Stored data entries

lemma mult_comp_one_right:
  assumes "wf_vseries m x"
  shows "mult_comp m x (one_vseries m) = x"
proof (rule vseries_eqI)
  show "wf_vseries m (mult_comp m x (one_vseries m))"
    by (simp add: wf_mult_comp wf_one_vseries)
  fix i assume "i \<in> {1..m}"
  moreover have "series_over {0..m} (x i)"
    using assms by (simp add: wf_vseries_iff)
  ultimately show "mult_comp m x (one_vseries m) i = x i"
    by (simp only: mult_comp_eq_scalar one_vseries_apply scalar_mixed_comp_one_vseries
        shuffle_prod_one_left)
qed fact

subsection \<open>Inverses\<close>

definition diag_coeff :: "vseries \<Rightarrow> nat list \<Rightarrow> real" where
  "diag_coeff d w = prod_list (map (\<lambda>a. with_drift d a []) w)"

definition shorter_words :: "nat \<Rightarrow> nat list \<Rightarrow> nat list set" where
  "shorter_words m w = {\<eta>. set \<eta> \<subseteq> {0..m} \<and> length \<eta> < length w}"

lemma phi_same_length:
  "length \<eta> = length w \<Longrightarrow> phi d \<eta> one_series w = (if \<eta> = w then diag_coeff d w else 0)"
proof (induction \<eta> arbitrary: w)
  case Nil
  then show ?case by (simp add: one_series_def diag_coeff_def)
next
  case (Cons a \<eta>)
  then obtain b w' where w: "w = b # w'" by (cases w) auto
  have "(with_drift d a \<bowtie> phi d \<eta> one_series) w' = with_drift d a [] * phi d \<eta> one_series w'"
    by (rule shuffle_prod_lowest_order) (use Cons.prems w in \<open>auto intro: phi_vanish_short\<close>)
  with Cons w show ?case by (auto simp: phi_Cons_Cons diag_coeff_def)
qed

lemma diag_coeff_nonzero: "purely_improper m d \<Longrightarrow> set w \<subseteq> {0..m} \<Longrightarrow> diag_coeff d w \<noteq> 0"
  by (induction w)
    (auto simp: diag_coeff_def with_drift_def purely_improper_def one_series_def)

lemma scalar_mixed_comp_triangular:
  "scalar_mixed_comp m d s w = (if set w \<subseteq> {0..m} then s w * diag_coeff d w else 0)
     + (\<Sum>\<eta>\<in>shorter_words m w. s \<eta> * phi d \<eta> one_series w)"
proof -
  let ?C = "{\<eta>. set \<eta> \<subseteq> {0..m} \<and> length \<eta> = length w}"
  let ?g = "\<lambda>\<eta>. s \<eta> * phi d \<eta> one_series w"
  have fin: "finite ?C" "finite (shorter_words m w)"
    by (rule finite_subset[OF _ finite_words_upto[of m "length w"]];
        auto simp: words_upto_def shorter_words_def)+
  have "words_upto m (length w) = shorter_words m w \<union> ?C"
    by (auto simp: words_upto_def shorter_words_def)
  moreover have "shorter_words m w \<inter> ?C = {}" by (auto simp: shorter_words_def)
  ultimately have "scalar_mixed_comp m d s w = sum ?g (shorter_words m w) + sum ?g ?C"
    unfolding scalar_mixed_comp_def by (simp only: sum.union_disjoint[OF fin(2) fin(1)])
  also have "sum ?g ?C = (\<Sum>\<eta>\<in>?C. if \<eta> = w then s w * diag_coeff d w else 0)"
    by (rule sum.cong) (auto simp: phi_same_length)
  also have "\<dots> = (if set w \<subseteq> {0..m} then s w * diag_coeff d w else 0)"
    using fin(1) by (simp add: sum.delta')
  finally show ?thesis by simp
qed

lemma scalar_mixed_comp_surj:
  assumes d: "d \<in> pi_series m" and t: "series_over {0..m} t"
  shows "\<exists>y. scalar_mixed_comp m d y = t \<and> series_over {0..m} y"
proof -
  define rest where "rest y w = (\<Sum>\<eta>\<in>shorter_words m w. y \<eta> * phi d \<eta> one_series w)"
    for y w
  define F where "F y w = (if set w \<subseteq> {0..m} then (t w - rest y w) / diag_coeff d w else 0)"
    for y w
  have "\<exists>y. y = F y"
  proof (rule length_local_fixpoint)
    fix g g' :: series and w :: "nat list"
    assume "\<And>u. length u < length w \<Longrightarrow> g u = g' u"
    then have "rest g w = rest g' w"
      unfolding rest_def by (intro sum.cong) (simp_all add: shorter_words_def)
    then show "F g w = F g' w" by (simp add: F_def)
  qed
  then obtain y where "y = F y" by blast
  then have y: "y w = F y w" for w by simp
  have "scalar_mixed_comp m d y w = t w" for w
  proof (cases "set w \<subseteq> {0..m}")
    case True
    moreover have "diag_coeff d w \<noteq> 0"
      using d diag_coeff_nonzero[OF _ True] by (simp add: pi_series_def)
    ultimately show ?thesis
      using y[of w] by (simp add: scalar_mixed_comp_triangular F_def rest_def)
  next
    case False
    then show ?thesis
      using d t series_over_scalar_mixed_comp[of m d y] by (simp add: pi_series_def series_over_def)
  qed
  moreover have "series_over {0..m} y"
    using y by (simp add: series_over_def F_def)
  ultimately show ?thesis by auto
qed

lemma component_left_inverse_exists:
  assumes x: "x \<in> pi_series m" and i: "i \<in> {1..m}"
  shows "\<exists>y. series_over {0..m} y \<and> y [] \<noteq> 0 \<and> x i \<bowtie> scalar_mixed_comp m x y = one_series"
proof -
  have "x i [] \<noteq> 0" "series_over {0..m} (x i)"
    using x i by (simp_all add: pi_series_def purely_improper_def wf_vseries_iff)
  then obtain t where t: "x i \<bowtie> t = one_series" "series_over {0..m} t"
    using shuffle_prod_inverse_exists by blast
  obtain y where y: "scalar_mixed_comp m x y = t" "series_over {0..m} y"
    using scalar_mixed_comp_surj[OF x t(2)] by blast
  have "x i [] * y [] = 1"
    using fun_cong[OF t(1), of "[]"] y(1) by (auto simp: one_series_def)
  then have "y [] \<noteq> 0" by auto
  with t y show ?thesis by auto
qed

lemma mult_comp_left_inverse_exists:
  assumes x: "x \<in> pi_series m"
  shows "\<exists>y\<in>pi_series m. mult_comp m y x = one_vseries m"
proof -
  obtain Y where Y: "\<And>i. i \<in> {1..m} \<Longrightarrow> series_over {0..m} (Y i) \<and> Y i [] \<noteq> 0
      \<and> x i \<bowtie> scalar_mixed_comp m x (Y i) = one_series"
    using component_left_inverse_exists[OF x] by metis
  define y where "y i = (if i \<in> {1..m} then Y i else (\<lambda>_. 0))" for i
  have "y \<in> pi_series m"
    using Y by (auto simp: pi_series_def wf_vseries_iff purely_improper_def y_def)
  moreover have "mult_comp m y x = one_vseries m"
  proof (rule vseries_eqI)
    show "wf_vseries m (mult_comp m y x)"
      using x by (simp add: pi_series_def wf_mult_comp)
    fix i assume "i \<in> {1..m}"
    then show "mult_comp m y x i = one_vseries m i"
      using Y by (simp add: mult_comp_eq_scalar one_vseries_apply y_def)
  qed (rule wf_one_vseries)
  ultimately show ?thesis by blast
qed
(* Let $B$ be an aperiodic Bratteli diagram of finite rank $d$. Then there exists $j\in\{1,\dots,d\}$ such that $\mu$-almost every ordering $\omega\in\mathcal O_B$ has exactly $j$ maximal paths and exactly $j$ minimal paths; in particular $\mu(\mathcal O_B(j))=1$ and $|X_{\max}(\omega)|=|X_{\min}(\omega)|$ for $\mu$-almost all $\omega$.
   Context: A Bratteli diagram $B$ has levels $V_n$ ($V_0=\{v_0\}$, all finite) and finite edge sets $E_n$ from $V_{n-1}$ to $V_n$ with source/range maps $s,r$, $s^{-1}(v)\ne\emptyset$, $r^{-1}(v)\ne\emptyset$ for $v\ne v_0$. $X_B$ is the space of infinite paths from $v_0$. $B$ is aperiodic if every tail-equivalence class of $X_B$ is infinite. Rank $d$: $\sup_n|V_n|<\infty$ and $d$ is the least integer with $|V_n|=d$ infinitely often. An ordering is a linear order on each $r^{-1}(v)$, $v\ne v_0$; $\mathcal O_B=\prod_{v\in V^*\setminus V_0}P_v$, $P_v$ the set of linear orders of $r^{-1}(v)$. $\mu=\prod_v\mu_v$ is the product measure where $\mu_v$ is uniform on $P_v$ (each order has mass $1/|r^{-1}(v)|!$). $X_{\max}(\omega),X_{\min}(\omega)$: infinite paths all of whose edges are maximal (minimal). $\mathcal O_B(j)$: orderings with exactly $j$ maximal paths. *)

theory Defs
  imports "HOL-Probability.Probability"
begin

text \<open>A Bratteli diagram is encoded concretely:
  level n has vertex set {..<vn n}; for n \<ge> 1 the edge set E_n is {..<en n}
  (edges from level n-1 to level n), with source map src n and range map rng n.
  Values of en 0, src 0, rng 0 are irrelevant.\<close>

definition is_bratteli ::
  "(nat \<Rightarrow> nat) \<Rightarrow> (nat \<Rightarrow> nat) \<Rightarrow> (nat \<Rightarrow> nat \<Rightarrow> nat) \<Rightarrow> (nat \<Rightarrow> nat \<Rightarrow> nat) \<Rightarrow> bool" where
  "is_bratteli vn en src rng \<longleftrightarrow>
     vn 0 = 1 \<and> (\<forall>n. 1 \<le> vn n) \<and>
     (\<forall>n\<ge>1. \<forall>e<en n. src n e < vn (n - 1) \<and> rng n e < vn n) \<and>
     (\<forall>n\<ge>1. \<forall>v<vn n. (\<exists>e<en n. rng n e = v) \<and> (\<exists>e<en (Suc n). src (Suc n) e = v))"

definition in_edges :: "(nat \<Rightarrow> nat) \<Rightarrow> (nat \<Rightarrow> nat \<Rightarrow> nat) \<Rightarrow> nat \<Rightarrow> nat \<Rightarrow> nat set" where
  "in_edges en rng n v = {e. e < en n \<and> rng n e = v}"

text \<open>Infinite paths from v_0: x n is the edge used in E_n (n \<ge> 1); x 0 normalised to 0.\<close>
definition path_space :: "(nat \<Rightarrow> nat) \<Rightarrow> (nat \<Rightarrow> nat \<Rightarrow> nat) \<Rightarrow> (nat \<Rightarrow> nat \<Rightarrow> nat) \<Rightarrow> (nat \<Rightarrow> nat) set" where
  "path_space en src rng =
     {x. x 0 = 0 \<and> (\<forall>n\<ge>1. x n < en n) \<and> src 1 (x 1) = 0 \<and>
         (\<forall>n\<ge>1. rng n (x n) = src (Suc n) (x (Suc n)))}"

definition tail_equiv :: "(nat \<Rightarrow> nat) \<Rightarrow> (nat \<Rightarrow> nat) \<Rightarrow> bool" where
  "tail_equiv x y \<longleftrightarrow> (\<exists>N. \<forall>n\<ge>N. x n = y n)"

definition aperiodic :: "(nat \<Rightarrow> nat) \<Rightarrow> (nat \<Rightarrow> nat \<Rightarrow> nat) \<Rightarrow> (nat \<Rightarrow> nat \<Rightarrow> nat) \<Rightarrow> bool" where
  "aperiodic en src rng \<longleftrightarrow>
     (\<forall>x\<in>path_space en src rng. infinite {y \<in> path_space en src rng. tail_equiv x y})"

definition has_rank :: "(nat \<Rightarrow> nat) \<Rightarrow> nat \<Rightarrow> bool" where
  "has_rank vn d \<longleftrightarrow> (\<exists>M. \<forall>n. vn n \<le> M) \<and> d = (LEAST k. infinite {n. vn n = k})"

text \<open>A linear order on r^{-1}(v) is encoded by its rank function, a bijection
  r^{-1}(v) \<rightarrow> {0..<|r^{-1}(v)|} (0 = minimal edge), extended by 0 outside.\<close>
definition orders_at :: "(nat \<Rightarrow> nat) \<Rightarrow> (nat \<Rightarrow> nat \<Rightarrow> nat) \<Rightarrow> nat \<Rightarrow> nat \<Rightarrow> (nat \<Rightarrow> nat) set" where
  "orders_at en rng n v =
     {f. bij_betw f (in_edges en rng n v) {..<card (in_edges en rng n v)} \<and>
         (\<forall>e. e \<notin> in_edges en rng n v \<longrightarrow> f e = 0)}"

definition vertices :: "(nat \<Rightarrow> nat) \<Rightarrow> (nat \<times> nat) set" where
  "vertices vn = {(n, v). 1 \<le> n \<and> v < vn n}"

definition ord_measure ::
  "(nat \<Rightarrow> nat) \<Rightarrow> (nat \<Rightarrow> nat) \<Rightarrow> (nat \<Rightarrow> nat \<Rightarrow> nat) \<Rightarrow> ((nat \<times> nat) \<Rightarrow> (nat \<Rightarrow> nat)) measure" where
  "ord_measure vn en rng =
     PiM (vertices vn) (\<lambda>(n, v). measure_pmf (pmf_of_set (orders_at en rng n v)))"

definition Xmax ::
  "(nat \<Rightarrow> nat) \<Rightarrow> (nat \<Rightarrow> nat \<Rightarrow> nat) \<Rightarrow> (nat \<Rightarrow> nat \<Rightarrow> nat) \<Rightarrow> ((nat \<times> nat) \<Rightarrow> (nat \<Rightarrow> nat)) \<Rightarrow> (nat \<Rightarrow> nat) set" where
  "Xmax en src rng \<omega> =
     {x \<in> path_space en src rng. \<forall>n\<ge>1.
        \<omega> (n, rng n (x n)) (x n) = card (in_edges en rng n (rng n (x n))) - 1}"

definition Xmin ::
  "(nat \<Rightarrow> nat) \<Rightarrow> (nat \<Rightarrow> nat \<Rightarrow> nat) \<Rightarrow> (nat \<Rightarrow> nat \<Rightarrow> nat) \<Rightarrow> ((nat \<times> nat) \<Rightarrow> (nat \<Rightarrow> nat)) \<Rightarrow> (nat \<Rightarrow> nat) set" where
  "Xmin en src rng \<omega> =
     {x \<in> path_space en src rng. \<forall>n\<ge>1. \<omega> (n, rng n (x n)) (x n) = 0}"

end

theory Submission
  imports Defs
begin

(*
  Fix an ordering \<omega> in which every factor is a genuine linear order (a "proper" ordering;
  almost every ordering is proper).  Every vertex v at level n has a maximal incoming edge,
  whose source is a vertex at level n - 1; iterating this gives a descent map from deeper
  levels down to level n.  A vertex at level n is "persistent" if it is reached by descent
  from every deeper level.  A maximal finite path is determined by its endpoint, and by a
  compactness (Koenig) argument the truncations at level n of the maximal infinite paths are
  exactly the maximal finite paths ending at persistent vertices.  Hence |X_max(\<omega>)| is the
  eventual value of the nondecreasing bounded sequence (number of persistent vertices at
  level n), a number in {1..d} because infinitely many levels have d vertices.

  Probabilistically, the number of persistent vertices at levels \<ge> N depends only on the
  orders at levels > N, so {|X_max| = j} is (up to a null set) a tail event for the
  independent levels and has probability 0 or 1 by Kolmogorov's 0-1 law; as these events for
  j \<in> {1..d} cover almost everything, one of them is almost sure.  Finally, reversing every
  order is a measure preserving map of O_B that exchanges maximal and minimal paths, so
  |X_min| = j almost surely as well.
*)

(* Truncation of a sequence after position n; finite paths of length n are stored this way. *)
definition trunc :: "nat \<Rightarrow> (nat \<Rightarrow> nat) \<Rightarrow> nat \<Rightarrow> nat" where
  "trunc n x = (\<lambda>k. if k \<le> n then x k else 0)"

lemma trunc_trunc: "trunc n (trunc m x) = trunc (min n m) x"
  by (auto simp: trunc_def)

lemma trunc_eventually_inj_on:
  assumes "finite F"
  shows "\<exists>N. \<forall>n\<ge>N. inj_on (trunc n) F"
proof -
  define D where "D = {d \<in> F \<times> F. fst d \<noteq> snd d}"
  have "\<forall>d\<in>D. \<exists>k. fst d k \<noteq> snd d k" by (auto simp: D_def fun_eq_iff)
  then obtain pos where pos: "\<And>d. d \<in> D \<Longrightarrow> fst d (pos d) \<noteq> snd d (pos d)" by metis
  have "finite D" using assms by (auto simp: D_def)
  define N where "N = Max (insert 0 (pos ` D))"
  have "inj_on (trunc n) F" if "N \<le> n" for n
  proof (rule inj_onI, rule ccontr)
    fix x y assume xy: "x \<in> F" "y \<in> F" "trunc n x = trunc n y" "x \<noteq> y"
    then have d: "(x, y) \<in> D" by (simp add: D_def)
    then have "pos (x, y) \<le> n" using \<open>finite D\<close> that unfolding N_def by fastforce
    then have "x (pos (x, y)) = y (pos (x, y))"
      using xy(3) unfolding trunc_def by meson
    then show False using pos[OF d] by simp
  qed
  then show ?thesis by blast
qed

lemma card_trunc_image_mono:
  assumes "finite (trunc m ` X)" "n \<le> m"
  shows "card (trunc n ` X) \<le> card (trunc m ` X)"
proof -
  have "trunc n ` X = trunc n ` trunc m ` X"
    using assms(2) by (simp add: image_image trunc_trunc min_absorb1)
  then show ?thesis using card_image_le[OF assms(1)] by simp
qed

lemma finite_card_eq_iff_trunc:
  assumes fin: "\<And>n. finite (trunc n ` X)"
  shows "(finite X \<and> card X = j) \<longleftrightarrow> (\<exists>n0. \<forall>n\<ge>n0. card (trunc n ` X) = j)"
proof
  assume X: "finite X \<and> card X = j"
  then obtain N where "\<forall>n\<ge>N. inj_on (trunc n) X" using trunc_eventually_inj_on by blast
  then have "\<forall>n\<ge>N. card (trunc n ` X) = j" using X by (simp add: card_image)
  then show "\<exists>n0. \<forall>n\<ge>n0. card (trunc n ` X) = j" by blast
next
  assume "\<exists>n0. \<forall>n\<ge>n0. card (trunc n ` X) = j"
  then obtain n0 where n0: "\<And>n. n0 \<le> n \<Longrightarrow> card (trunc n ` X) = j" by blast
  have "finite X"
  proof (rule ccontr)
    assume "infinite X"
    then obtain F where F: "finite F" "card F = Suc j" "F \<subseteq> X"
      using infinite_arbitrarily_large by blast
    obtain N where N: "\<forall>n\<ge>N. inj_on (trunc n) F" using trunc_eventually_inj_on[OF F(1)] by blast
    define m where "m = max n0 N"
    have "Suc j = card (trunc m ` F)" using N F(2) by (simp add: m_def card_image)
    also have "\<dots> \<le> card (trunc m ` X)" using F(3) fin by (intro card_mono image_mono)
    also have "\<dots> = j" using n0 by (simp add: m_def)
    finally show False by simp
  qed
  then obtain N where "\<forall>n\<ge>N. inj_on (trunc n) X" using trunc_eventually_inj_on by blast
  then show "finite X \<and> card X = j"
    using \<open>finite X\<close> n0[of "max n0 N"] by (simp add: card_image)
qed

lemma trunc_coherent_limit:
  assumes coh: "\<And>k. trunc (n + k) (ps (Suc k)) = ps k"
    and supp: "\<And>k. trunc (n + k) (ps k) = ps k"
  shows "trunc (n + k) (\<lambda>i. ps i i) = ps k"
proof -
  have below: "trunc (n + i) (ps k) = ps i" if "i \<le> k" for i k
    using that
  proof (induction k rule: dec_induct)
    case base then show ?case by (rule supp)
  next
    case (step k)
    have "trunc (n + i) (ps (Suc k)) = trunc (n + i) (trunc (n + k) (ps (Suc k)))"
      using step by (simp add: trunc_trunc min_def)
    then show ?case using step coh by simp
  qed
  have "ps i i = ps k i" if "i \<le> n + k" for i
  proof (cases "i \<le> k")
    case True
    have "ps i i = trunc (n + i) (ps k) i" using below[OF True] by simp
    then show ?thesis by (simp add: trunc_def)
  next
    case False
    then have "ps k i = trunc (n + k) (ps i) i" using below[of k i] by simp
    then show ?thesis using that by (simp add: trunc_def)
  qed
  moreover have "ps k i = 0" if "\<not> i \<le> n + k" for i
  proof -
    have "ps k i = trunc (n + k) (ps k) i" using supp[of k] by simp
    then show ?thesis using that by (simp add: trunc_def)
  qed
  ultimately show ?thesis by (auto simp: trunc_def)
qed

lemma pred_card_Collect:
  assumes "finite A" and "\<And>a. a \<in> A \<Longrightarrow> Measurable.pred M (\<lambda>x. P x a)"
  shows "Measurable.pred M (\<lambda>x. card {a \<in> A. P x a} = c)"
proof -
  have eq: "card {a \<in> A. P x a} = c \<longleftrightarrow>
      (\<exists>S\<in>{S. S \<subseteq> A \<and> card S = c}. \<forall>a\<in>A. a \<in> S \<longleftrightarrow> P x a)" for x
  proof
    assume "card {a \<in> A. P x a} = c"
    then show "\<exists>S\<in>{S. S \<subseteq> A \<and> card S = c}. \<forall>a\<in>A. a \<in> S \<longleftrightarrow> P x a"
      by (intro bexI[of _ "{a \<in> A. P x a}"]) auto
  next
    assume "\<exists>S\<in>{S. S \<subseteq> A \<and> card S = c}. \<forall>a\<in>A. a \<in> S \<longleftrightarrow> P x a"
    then obtain S where "S \<subseteq> A" "card S = c" "\<forall>a\<in>A. a \<in> S \<longleftrightarrow> P x a" by blast
    then have "{a \<in> A. P x a} = S" by blast
    with \<open>card S = c\<close> show "card {a \<in> A. P x a} = c" by simp
  qed
  have "finite {S. S \<subseteq> A \<and> card S = c}" using assms(1) by simp
  then show ?thesis unfolding eq using assms by measurable
qed

lemma measurable_coordinate_undefined:
  assumes "\<And>\<omega>. \<omega> \<in> space M \<Longrightarrow> \<omega> i = undefined"
  shows "(\<lambda>\<omega>. \<omega> i) \<in> M \<rightarrow>\<^sub>M count_space UNIV"
proof -
  have "(\<lambda>\<omega>. \<omega> i) \<in> M \<rightarrow>\<^sub>M count_space UNIV \<longleftrightarrow> (\<lambda>_. undefined) \<in> M \<rightarrow>\<^sub>M count_space UNIV"
    using measurable_cong[of M "\<lambda>\<omega>. \<omega> i" "\<lambda>_. undefined"] assms by simp
  then show ?thesis by simp
qed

*TASK TO COMPLETE*
From the records above, copy each line where the word "diagram" can be found.

*EXERCISE RESPONSE*
(* Let $B$ be an aperiodic Bratteli diagram of finite rank $d$. Then there exists $j\in\{1,\dots,d\}$ such that $\mu$-almost every ordering $\omega\in\mathcal O_B$ has exactly $j$ maximal paths and exactly $j$ minimal paths; in particular $\mu(\mathcal O_B(j))=1$ and $|X_{\max}(\omega)|=|X_{\min}(\omega)|$ for $\mu$-almost all $\omega$.
   Context: A Bratteli diagram $B$ has levels $V_n$ ($V_0=\{v_0\}$, all finite) and finite edge sets $E_n$ from $V_{n-1}$ to $V_n$ with source/range maps $s,r$, $s^{-1}(v)\ne\emptyset$, $r^{-1}(v)\ne\emptyset$ for $v\ne v_0$. $X_B$ is the space of infinite paths from $v_0$. $B$ is aperiodic if every tail-equivalence class of $X_B$ is infinite. Rank $d$: $\sup_n|V_n|<\infty$ and $d$ is the least integer with $|V_n|=d$ infinitely often. An ordering is a linear order on each $r^{-1}(v)$, $v\ne v_0$; $\mathcal O_B=\prod_{v\in V^*\setminus V_0}P_v$, $P_v$ the set of linear orders of $r^{-1}(v)$. $\mu=\prod_v\mu_v$ is the product measure where $\mu_v$ is uniform on $P_v$ (each order has mass $1/|r^{-1}(v)|!$). $X_{\max}(\omega),X_{\min}(\omega)$: infinite paths all of whose edges are maximal (minimal). $\mathcal O_B(j)$: orderings with exactly $j$ maximal paths. *)
text \<open>A Bratteli diagram is encoded concretely:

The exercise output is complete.